Backed by the late Shawty Lo, D4L actually rocked the Billboard Hot 100 in January 2006 — months before the aforementioned legends braved the wasteland marketplace — and set a precedent audiences would adapt to well through the present day: Fans wanted to hear red-hot rap tracks, first and foremost.

“The hits took a while,” D4L frontman Fabo admitted to HipHopDX in 2016. “We had a couple of CDs we’d put out before “Laffy Taffy.” We were dealing with the other groups that were around at the time like Dem Franchise Boyz. The style got concentrated around that time and he urged us to keep going. He called from jail every day just to make sure we were on our game. When [Shawty Lo] got out, we made ‘Betcha Can’t Do It Like Me.’ He went right back and we made ‘Laffy Taffy.’ He heard it from jail and was like ‘man I don’t know about that.’ Everything worked out well. He had faith in us and it worked out.”

Like André 3000 Before Him, J.I.D Reminds Everyone The South Still Has Something To Say

After D4L’s snap sound fell out of favor, Atlanta still pushed out artists such as Yung LA, Que, OJ Da Juiceman, Shop Boyz, Cash Out and OG Maco — all who may not have enjoyed the same name recognition when their hit singles were first released but the power of the music (or the template they were made from) hasn’t left the culture’s sound and the would-be one-hit wonders are now commanding the space.

The past five years has fully exemplified the city’s stronghold on rap. Whether it was a fully reunited Migos in 2016 telling the world what “Bad & Boujee” meant (and grabbing several platinum plaques in the process), Lil Baby dominating the Billboard 200 chart this year or even having a Gucci Mane for bragging rights or Killer Mike for political points — or 2 Chainz for a lavish mix of both.

If subject matter determines your measure of artist greatness, Dreamville’s fostering of both soloist J.I.D and duo Earthgang has been one to revere. Aside from being go-to mentions whenever the city’s current lyrical depth is brought up, both acts can now say they’re Grammy-nominated after a breakout 2019.

A living legend like Future ignored mumble rap criticisms during his maddening 2015-2016 run that spawned fan-favorite albumixtapes Beast Mode, 56 Nights, DS2, Purple Reign, and the Drake collaboration What a Time to Be Alive and that never prevented younger superstars (Desiigner anyone?) from completely emulating his drip for their own individual success. And if you think that the aforementioned run was his peak, just know this is the same guy who dropped back-to-back albums in 2017, effortlessly making history in the process.

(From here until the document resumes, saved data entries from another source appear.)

(* Let $G$ be a solenoidal Hausdorff topological group. Then every continuous action of $G$ on the Hilbert cube $I^{\aleph_0}=[0,1]^{\mathbb N}$ has a fixed point. In particular every continuous action of $\mathbb R$ on $I^{\aleph_0}$ has a fixed point.
   Context: A topological group $G$ is solenoidal if there exists a continuous homomorphism $f\colon\mathbb R\to G$ whose image is dense in $G$. *)

theory Defs
  imports "HOL-Analysis.Analysis"
begin

text \<open>A topological group, written additively (group_add does NOT require commutativity):
  the group operation and inversion are continuous (product topology on 'g \<times> 'g).\<close>
definition topological_group_add :: "'g::{topological_space,group_add} itself \<Rightarrow> bool" where
  "topological_group_add (TYPE('g)) \<longleftrightarrow>
     continuous_on UNIV (\<lambda>p::'g \<times> 'g. fst p + snd p) \<and>
     continuous_on UNIV (\<lambda>x::'g. - x)"

definition solenoidal :: "'g::{topological_space,group_add} itself \<Rightarrow> bool" where
  "solenoidal (TYPE('g)) \<longleftrightarrow>
     (\<exists>f :: real \<Rightarrow> 'g. continuous_on UNIV f \<and> (\<forall>s t. f (s + t) = f s + f t)
        \<and> closure (range f) = UNIV)"

text \<open>The Hilbert cube [0,1]^N, as a subset of nat \<Rightarrow> real with the product topology.\<close>
definition hilbert_cube :: "(nat \<Rightarrow> real) set" where
  "hilbert_cube = {x. \<forall>n. x n \<in> {0..1}}"

definition continuous_action_hc ::
  "('g::{topological_space,group_add} \<Rightarrow> (nat \<Rightarrow> real) \<Rightarrow> (nat \<Rightarrow> real)) \<Rightarrow> bool" where
  "continuous_action_hc a \<longleftrightarrow>
     (\<forall>g x. x \<in> hilbert_cube \<longrightarrow> a g x \<in> hilbert_cube) \<and>
     (\<forall>x \<in> hilbert_cube. a 0 x = x) \<and>
     (\<forall>g h. \<forall>x \<in> hilbert_cube. a (g + h) x = a g (a h x)) \<and>
     continuous_on (UNIV \<times> hilbert_cube) (\<lambda>p. a (fst p) (snd p))"
definition diag_of :: "nat \<Rightarrow> (nat \<Rightarrow> complex) \<Rightarrow> complex mat" where
  "diag_of d x = mat d d (\<lambda>(k, l). if k = l then x k else 0)"

text \<open>X (x) t^a lies in tau(d,q) = sl_d(C_q) iff trace X (x) t^a lies in [C_q,C_q],
  i.e. iff trace X = 0 or a is not in rad f.\<close>
definition tau_elem :: "nat \<Rightarrow> nat \<Rightarrow> (nat \<Rightarrow> nat \<Rightarrow> complex) \<Rightarrow> complex mat \<Rightarrow> (nat \<Rightarrow> int) \<Rightarrow> bool" where
  "tau_elem n d q X a \<longleftrightarrow> X \<in> carrier_mat d d \<and> a \<in> zvec n \<and> (mtrace X = 0 \<or> a \<notin> radf n q)"

definition comm :: "('v::ab_group_add \<Rightarrow> 'v) \<Rightarrow> ('v \<Rightarrow> 'v) \<Rightarrow> 'v \<Rightarrow> 'v" where
  "comm A B = (\<lambda>v. A (B v) - B (A v))"

text \<open>A representation of hat-tau(d,q) on the complex vector space ('v, sc), given by its
  values on the spanning elements: rho X a = action of X (x) t^a,
  z a b = action of <t^a,t^b> (a+b in rad f), D i = action of d_(i+1).
  Since tau = (+)_a {X : tau_elem X a} (x) t^a, HC_1 = (+)_(g in rad f) (span of t^a (x) t^b, a+b=g)/J_g
  (J being spanned by its homogeneous generators) and D = span d_i,
  a linear map hat-tau -> End(V) is exactly such data, linear in X and killing the
  generators of J; it is a Lie algebra homomorphism iff the bracket relations hold on spanning elements.\<close>
definition tau_hat_module ::
  "nat \<Rightarrow> nat \<Rightarrow> (nat \<Rightarrow> nat \<Rightarrow> complex) \<Rightarrow> (complex \<Rightarrow> 'v::ab_group_add \<Rightarrow> 'v)
   \<Rightarrow> (complex mat \<Rightarrow> (nat \<Rightarrow> int) \<Rightarrow> 'v \<Rightarrow> 'v)
   \<Rightarrow> ((nat \<Rightarrow> int) \<Rightarrow> (nat \<Rightarrow> int) \<Rightarrow> 'v \<Rightarrow> 'v) \<Rightarrow> (nat \<Rightarrow> 'v \<Rightarrow> 'v) \<Rightarrow> bool" where
  "tau_hat_module n d q sc rho z D \<longleftrightarrow>
     vector_space sc
   \<comment> \<open>all operators are linear endomorphisms of V\<close>
   \<and> (\<forall>X a. tau_elem n d q X a \<longrightarrow> Vector_Spaces.linear sc sc (rho X a))
   \<and> (\<forall>a b. a \<in> zvec n \<and> b \<in> zvec n \<and> vadd a b \<in> radf n q \<longrightarrow> Vector_Spaces.linear sc sc (z a b))
   \<and> (\<forall>i<n. Vector_Spaces.linear sc sc (D i))
   \<comment> \<open>linearity of X (x) t^a in X\<close>
   \<and> (\<forall>X Y a. tau_elem n d q X a \<and> tau_elem n d q Y a \<longrightarrow>
        rho (X + Y) a = (\<lambda>v. rho X a v + rho Y a v))
   \<and> (\<forall>X a c. tau_elem n d q X a \<longrightarrow> rho (c \<cdot>\<^sub>m X) a = (\<lambda>v. sc c (rho X a v)))
   \<comment> \<open>relations of J: x(x)y + y(x)x and xy(x)z + yz(x)x + zx(x)y (on monomials)\<close>
   \<and> (\<forall>a b. a \<in> zvec n \<and> b \<in> zvec n \<and> vadd a b \<in> radf n q \<longrightarrow>
        (\<forall>v. z a b v + z b a v = 0))
   \<and> (\<forall>a b c. a \<in> zvec n \<and> b \<in> zvec n \<and> c \<in> zvec n \<and> vadd (vadd a b) c \<in> radf n q \<longrightarrow>
        (\<forall>v. sc (sig n q a b) (z (vadd a b) c v) + sc (sig n q b c) (z (vadd b c) a v)
             + sc (sig n q c a) (z (vadd c a) b v) = 0))
   \<comment> \<open>bracket [X(x)t^a, Y(x)t^b]\<close>
   \<and> (\<forall>X Y a b. tau_elem n d q X a \<and> tau_elem n d q Y b \<longrightarrow>
        comm (rho X a) (rho Y b) =
          (\<lambda>v. rho (sig n q a b \<cdot>\<^sub>m (X * Y) - sig n q b a \<cdot>\<^sub>m (Y * X)) (vadd a b) v
               + (if vadd a b \<in> radf n q then sc (mtrace (X * Y)) (z a b v) else 0)))
   \<comment> \<open>HC_1 is central\<close>
   \<and> (\<forall>X a b c. tau_elem n d q X a \<and> b \<in> zvec n \<and> c \<in> zvec n \<and> vadd b c \<in> radf n q \<longrightarrow>
        comm (rho X a) (z b c) = (\<lambda>v. 0))
   \<and> (\<forall>a b c e. a \<in> zvec n \<and> b \<in> zvec n \<and> vadd a b \<in> radf n q \<and>
               c \<in> zvec n \<and> e \<in> zvec n \<and> vadd c e \<in> radf n q \<longrightarrow>
        comm (z a b) (z c e) = (\<lambda>v. 0))
   \<comment> \<open>derivations\<close>
   \<and> (\<forall>i<n. \<forall>j<n. comm (D i) (D j) = (\<lambda>v. 0))
   \<and> (\<forall>i<n. \<forall>X a. tau_elem n d q X a \<longrightarrow>
        comm (D i) (rho X a) = (\<lambda>v. sc (of_int (a i)) (rho X a v)))
   \<and> (\<forall>i<n. \<forall>a b. a \<in> zvec n \<and> b \<in> zvec n \<and> vadd a b \<in> radf n q \<longrightarrow>
        comm (D i) (z a b) = (\<lambda>v. sc (of_int (a i + b i)) (z a b v)))"
lemma t_s_div_sqrt_cube_has_integral:
  assumes "0 < s" "0 \<le> m"
  shows "((\<lambda>t. t * s / sqrt (t^2 + s^2) ^ 3) has_integral 1 - s / sqrt (m^2 + s^2)) {0..m}"
proof -
  have "((\<lambda>t. - s / sqrt (t^2 + s^2)) has_real_derivative t * s / sqrt (t^2 + s^2) ^ 3) (at t within {0..m})" for t
  proof -
    define q where "q = sqrt (t^2 + s^2)"
    have q: "0 < q"
      using sqrt_sum_squares_pos[OF assms(1)] by (simp add: q_def)
    have "0 < t^2 + s^2"
      using assms(1) by (simp add: add_nonneg_pos)
    then have "((\<lambda>t. - s / sqrt (t^2 + s^2)) has_real_derivative (0 * q - - s * (t / q)) / (q * q))
                 (at t within {0..m})"
      unfolding q_def by (intro DERIV_divide DERIV_const) (auto intro!: derivative_eq_intros simp: field_simps)
    moreover have "(0 * q - - s * (t / q)) / (q * q) = t * s / q ^ 3"
      using q by (simp add: field_simps power3_eq_cube)
    ultimately show ?thesis
      unfolding q_def[symmetric] by (rule DERIV_cong)
  qed
  then have "((\<lambda>t. t * s / sqrt (t^2 + s^2) ^ 3) has_integral
               - s / sqrt (m^2 + s^2) - (- s / sqrt (0^2 + s^2))) {0..m}"
    by (intro fundamental_theorem_of_calculus)
       (use assms in \<open>auto simp: has_real_derivative_iff_has_vector_derivative\<close>)
  then show ?thesis
    using assms by simp
qed

lemma xi_weighted_kernel_integral_bounds:
  assumes "0 < s" "0 \<le> m" "m \<le> r" and xi_m: "\<And>t. t \<le> m \<Longrightarrow> xi s t = 1"
  shows "1 - s / sqrt (m^2 + s^2) \<le> integral {0..r} (\<lambda>t. xi s t * (t * s / sqrt (t^2 + s^2) ^ 3))"
    and "integral {0..r} (\<lambda>t. xi s t * (t * s / sqrt (t^2 + s^2) ^ 3)) \<le> 1 - s / sqrt (r^2 + s^2)"
proof -
  define k where "k t = t * s / sqrt (t^2 + s^2) ^ 3" for t
  have k_nonneg: "0 \<le> k t" if "0 \<le> t" for t
    using that assms(1) by (simp add: k_def)
  have "continuous_on UNIV (\<lambda>t. xi s t * k t)"
    unfolding k_def xi_def using sqrt_sum_squares_pos[OF assms(1)]
    by (intro continuous_intros) (auto simp: less_imp_neq[symmetric])
  then have integrable: "(\<lambda>t. xi s t * k t) integrable_on {a..b}" for a b
    by (rule integrable_continuous_interval[OF continuous_on_subset]) auto
  have k_integral: "(k has_integral 1 - s / sqrt (x^2 + s^2)) {0..x}" if "0 \<le> x" for x
    unfolding k_def using assms(1) that by (rule t_s_div_sqrt_cube_has_integral)
  have "integral {0..m} (\<lambda>t. xi s t * k t) = integral {0..m} k"
    by (rule integral_cong) (simp add: xi_m)
  also have "\<dots> = 1 - s / sqrt (m^2 + s^2)"
    using k_integral[OF assms(2)] by (rule integral_unique)
  moreover have "0 \<le> integral {m..r} (\<lambda>t. xi s t * k t)"
    using assms(2) xi_bounds k_nonneg by (intro integral_nonneg integrable) auto
  moreover have "integral {0..m} (\<lambda>t. xi s t * k t) + integral {m..r} (\<lambda>t. xi s t * k t)
                   = integral {0..r} (\<lambda>t. xi s t * k t)"
    using assms(2,3) integrable by (intro Henstock_Kurzweil_Integration.integral_combine) auto
  ultimately show "1 - s / sqrt (m^2 + s^2) \<le> integral {0..r} (\<lambda>t. xi s t * (t * s / sqrt (t^2 + s^2) ^ 3))"
    by (simp add: k_def)
  have "integral {0..r} (\<lambda>t. xi s t * k t) \<le> integral {0..r} k"
    using k_integral[of r] assms(2,3) xi_bounds k_nonneg
    by (intro integral_le integrable) (auto intro!: mult_left_le_one_le)
  also have "\<dots> = 1 - s / sqrt (r^2 + s^2)"
    using k_integral assms(2,3) by (intro integral_unique) simp
  finally show "integral {0..r} (\<lambda>t. xi s t * (t * s / sqrt (t^2 + s^2) ^ 3)) \<le> 1 - s / sqrt (r^2 + s^2)"
    by (simp add: k_def)
qed
lemma left_phi_below:
  assumes "m < T"
  shows "left_phi C lam T p i m =
    max (int (phi C i (p m))) (left_phi C lam T p i (Suc m) + int (phi C i (p m)) - int (eps C i (p m)))"
proof -
  have "T - m = Suc (T - Suc m)" "T - Suc (T - Suc m) = m"
    using assms by simp_all
  then show ?thesis
    unfolding left_phi_def by (simp add: Let_def)
qed

lemma left_f_top: "T \<le> m \<Longrightarrow> left_f C lam T p i m = None"
  by (simp add: left_f_def)

lemma left_f_below:
  assumes "m < T"
  shows "left_f C lam T p i m =
    (if int (eps C i (p m)) < left_phi C lam T p i (Suc m) then left_f C lam T p i (Suc m)
     else map_option (\<lambda>b'. p(m := b')) (ff C i (p m)))"
proof -
  have "T - m = Suc (T - Suc m)" "T - Suc (T - Suc m) = m"
    using assms by simp_all
  then show ?thesis
    unfolding left_f_def left_phi_def by (simp add: Let_def)
qed

lemma path_f_eq_left_f: "path_f C lam i p = left_f C lam (Suc (tail_start C lam p)) p i 0"
  by (simp add: path_f_def left_f_def Let_def)

lemma left_phi_cong:
  "(\<And>n. m \<le> n \<Longrightarrow> n < T \<Longrightarrow> p n = q n) \<Longrightarrow> left_phi C lam T p i m = left_phi C lam T q i m"
proof (induction "T - m" arbitrary: m)
  case 0
  then show ?case
    by (simp add: left_phi_top)
next
  case (Suc k)
  then have "left_phi C lam T p i (Suc m) = left_phi C lam T q i (Suc m)" "p m = q m"
    by simp_all
  with Suc.hyps show ?case
    by (simp add: left_phi_below)
qed

lemma left_f_Some:
  "left_f C lam T p i m = Some p' \<Longrightarrow>
     \<exists>r b'. m \<le> r \<and> r < T \<and> ff C i (p r) = Some b' \<and> p' = p(r := b')"
proof (induction "T - m" arbitrary: m)
  case 0
  then show ?case
    by (simp add: left_f_top)
next
  case (Suc k)
  then have "m < T"
    by simp
  show ?case
  proof (cases "int (eps C i (p m)) < left_phi C lam T p i (Suc m)")
    case True
    with Suc.prems \<open>m < T\<close> have "left_f C lam T p i (Suc m) = Some p'"
      by (simp add: left_f_below)
    moreover have "k = T - Suc m"
      using Suc.hyps(2) by simp
    ultimately obtain r b' where "Suc m \<le> r" "r < T" "ff C i (p r) = Some b'" "p' = p(r := b')"
      using Suc.hyps(1) by blast
    then show ?thesis
      by (intro exI[of _ r] exI[of _ b']) simp
  next
    case False
    with Suc.prems \<open>m < T\<close> show ?thesis
      by (auto simp: left_f_below)
  qed
qed

text \<open>
  Signature rule: the factors below r have \<epsilon>_i = 0, so \<phi>_i of the part to their left stays
  positive and f_i passes them by.
\<close>

lemma left_f_acts_at:
  assumes "r < T" and "0 < phi C i (p r)"
    and "left_phi C lam T p i (Suc r) \<le> int (eps C i (p r))"
    and "\<forall>m<r. eps C i (p m) = 0"
  shows "left_f C lam T p i 0 = map_option (\<lambda>b'. p(r := b')) (ff C i (p r))"
proof -
  have left_phi_pos: "0 < left_phi C lam T p i m" if "m \<le> r" for m
    using that
  proof (induction m rule: inc_induct)
    case base
    show ?case
      using assms(1,2) by (simp add: left_phi_below)
  next
    case (step m)
    then show ?case
      using assms(1,4) by (simp add: left_phi_below)
  qed
  have "left_f C lam T p i m = map_option (\<lambda>b'. p(r := b')) (ff C i (p r))" if "m \<le> r" for m
    using that
  proof (induction m rule: inc_induct)
    case base
    have "\<not> int (eps C i (p r)) < left_phi C lam T p i (Suc r)"
      using assms(3) by simp
    with assms(1) show ?case
      by (simp only: left_f_below if_False)
  next
    case (step m)
    then show ?case
      using assms(1,4) left_phi_pos[of "Suc m"] by (simp add: left_f_below)
  qed
  then show ?thesis
    by simp
qed

lemma left_phi_eq_0_after_fmax:
  assumes "r < T" and "phi C i (p r) = 0"
    and "left_phi C lam T p i (Suc r) \<le> int (eps C i (p r))"
  shows "left_phi C lam T p i r = 0"
  using assms by (simp add: left_phi_below)

context path_crystal
begin

lemma left_phi_Suc_trunc:
  assumes "p T = bbar C lam (Suc T)" and "m \<le> T"
  shows "left_phi C lam (Suc T) p i m = left_phi C lam T p i m"
  using assms(2)
proof (induction m rule: inc_induct)
  case base
  show ?case
    using assms(1) by (simp add: left_phi_below left_phi_top phi_bbar eps_bbar)
next
  case (step m)
  then show ?case
    by (simp add: left_phi_below)
qed

lemma left_f_Suc_trunc:
  assumes "p (Suc T) = bbar C lam (Suc (Suc T))" and "p T = bbar C lam (Suc T)" and "m \<le> T"
  shows "left_f C lam (Suc (Suc T)) p i m = left_f C lam (Suc T) p i m"
  using assms(3)
proof (induction m rule: inc_induct)
  case base
  have "left_phi C lam (Suc (Suc T)) p i (Suc T) = int (eps C i (p T))"
    using assms by (simp add: left_phi_Suc_trunc left_phi_top eps_bbar)
  moreover have "left_phi C lam (Suc T) p i (Suc T) = int (eps C i (p T))"
    using assms by (simp add: left_phi_top eps_bbar)
  ultimately show ?case
    by (simp add: left_f_below)
next
  case (step m)
  then show ?case
    using assms(1) by (simp add: left_f_below left_phi_Suc_trunc)
qed

lemma path_f_eq_left_f_ge:
  assumes "ground_from C lam N p" and "N < T"
  shows "path_f C lam i p = left_f C lam T p i 0"
proof -
  define N0 where "N0 = tail_start C lam p"
  have ground: "ground_from C lam N0 p"
    unfolding N0_def using assms(1) by (rule ground_from_tail_start)
  have "Suc N0 \<le> T"
    unfolding N0_def using tail_start_le[OF assms(1)] assms(2) by simp
  then have "left_f C lam T p i 0 = left_f C lam (Suc N0) p i 0"
  proof (induction T rule: dec_induct)
    case (step T)
    then obtain T' where "T = Suc T'" "N0 \<le> T'"
      by (cases T) auto
    with step ground show ?case
      by (simp add: left_f_Suc_trunc ground_def)
  qed simp
  then show ?thesis
    by (simp add: path_f_eq_left_f N0_def)
qed

lemma iter_path_f_at:
  assumes "ground_from C lam N p" and "N < T" and "r < N"
    and "left_phi C lam T p i (Suc r) \<le> int (eps C i (p r))"
    and "\<forall>m<r. eps C i (p m) = 0"
  shows "iter_opt (path_f C lam i) (phi C i (p r)) p = Some (p(r := fmax C i (p r)))"
proof -
  have "iter_opt (path_f C lam i) n p = Some (p(r := fmax C i (p r)))" if "phi C i (p r) = n" for n
    using that assms(1,4,5)
  proof (induction n arbitrary: p)
    case 0
    then show ?case
      by (simp add: fmax_eq_self)
  next
    case (Suc n)
    then obtain b' where b': "ff C i (p r) = Some b'"
      using phi_eq_0_iff[of i "p r"] by (cases "ff C i (p r)") simp_all
    define p' where "p' = p(r := b')"
    have "path_f C lam i p = left_f C lam T p i 0"
      using Suc.prems(2) assms(2) by (rule path_f_eq_left_f_ge)
    also have "\<dots> = Some p'"
    proof -
      have "r < T" "0 < phi C i (p r)"
        using assms(2,3) Suc.prems(1) by simp_all
      from left_f_acts_at[OF this Suc.prems(3,4)] show ?thesis
        by (simp add: b' p'_def)
    qed
    finally have step: "path_f C lam i p = Some p'" .
    have "left_phi C lam T p' i (Suc r) = left_phi C lam T p i (Suc r)"
      by (rule left_phi_cong) (simp add: p'_def)
    moreover have "eps C i (p r) \<le> eps C i (p' r)" "phi C i (p' r) = n"
      using Suc.prems(1) phi_ff[OF b'] eps_ff[OF b'] by (simp_all add: p'_def)
    moreover have "ground_from C lam N p'" "\<forall>m<r. eps C i (p' m) = 0"
      using Suc.prems(2,4) assms(3) by (simp_all add: p'_def)
    ultimately have "iter_opt (path_f C lam i) n p' = Some (p'(r := fmax C i (p' r)))"
      using Suc.prems(3) by (intro Suc.IH) simp_all
    then show ?case
      using step fmax_ff[OF b'] by (simp add: iter_opt_Suc p'_def fun_eq_iff)
  qed
  then show ?thesis
    by simp
qed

In today’s Hip Hop landscape, regional identification has all but been relegated to being used as a prop for the rapper’s scope of stunting — with smatterings of love for their city and scorn for the haters threading through the song’s crux. And it’s even harder to pinpoint in the actual sound. Take four of 2020’s hottest acts: A Boogie Wit Tha Hoodie, DaBaby, Freddie Gibbs and Roddy Ricch for example. All hold distinctively different sounds yet if they all claimed Atlanta, what would honestly change about their music aside from some specific city lyrics? The Atlanta sound has infiltrated every corner of the Hip Hop map.

Is having a song or two with longevity better than having a long career without the record placements? The question may still depend on the artist’s impact but in science, the dominant allele generally takes hold of the organism’s traits. In Hip Hop, it’s obviously not that fuckin’ different.

By placing yourself in Staples’ shoes when rap got really real for him, it’s hard to disagree when his point is being made with each rap release these days.